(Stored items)
—————

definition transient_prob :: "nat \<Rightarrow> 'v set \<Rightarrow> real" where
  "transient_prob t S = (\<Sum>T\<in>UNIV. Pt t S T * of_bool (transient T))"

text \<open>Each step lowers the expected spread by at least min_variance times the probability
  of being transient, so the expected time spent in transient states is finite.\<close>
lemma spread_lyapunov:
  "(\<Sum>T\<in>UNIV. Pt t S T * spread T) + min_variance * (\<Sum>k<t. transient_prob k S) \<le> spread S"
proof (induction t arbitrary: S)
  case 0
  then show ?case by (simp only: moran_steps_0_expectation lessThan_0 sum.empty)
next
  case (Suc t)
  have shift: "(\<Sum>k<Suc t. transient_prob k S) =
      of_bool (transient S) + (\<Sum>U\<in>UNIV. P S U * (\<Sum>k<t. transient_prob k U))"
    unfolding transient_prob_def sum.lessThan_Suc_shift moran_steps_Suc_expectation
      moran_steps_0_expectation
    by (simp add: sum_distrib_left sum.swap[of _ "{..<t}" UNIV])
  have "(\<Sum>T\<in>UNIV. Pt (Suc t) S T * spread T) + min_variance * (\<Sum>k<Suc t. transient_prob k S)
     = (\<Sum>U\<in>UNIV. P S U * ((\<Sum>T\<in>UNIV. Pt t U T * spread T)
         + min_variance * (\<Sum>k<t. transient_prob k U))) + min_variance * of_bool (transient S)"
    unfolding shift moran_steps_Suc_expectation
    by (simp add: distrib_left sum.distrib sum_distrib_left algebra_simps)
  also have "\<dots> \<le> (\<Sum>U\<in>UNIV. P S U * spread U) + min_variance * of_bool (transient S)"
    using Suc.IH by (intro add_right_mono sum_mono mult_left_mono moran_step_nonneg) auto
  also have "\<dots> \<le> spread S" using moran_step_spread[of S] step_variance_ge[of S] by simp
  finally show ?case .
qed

—————

**ASSIGNMENT**
Search the data above for lines holding "also" and copy each of them.

**THE COMPLETED TASK**
  also have "\<dots> \<le> (\<Sum>U\<in>UNIV. P S U * spread U) + min_variance * of_bool (transient S)"
  also have "\<dots> \<le> spread S" using moran_step_spread[of S] step_variance_ge[of S] by simp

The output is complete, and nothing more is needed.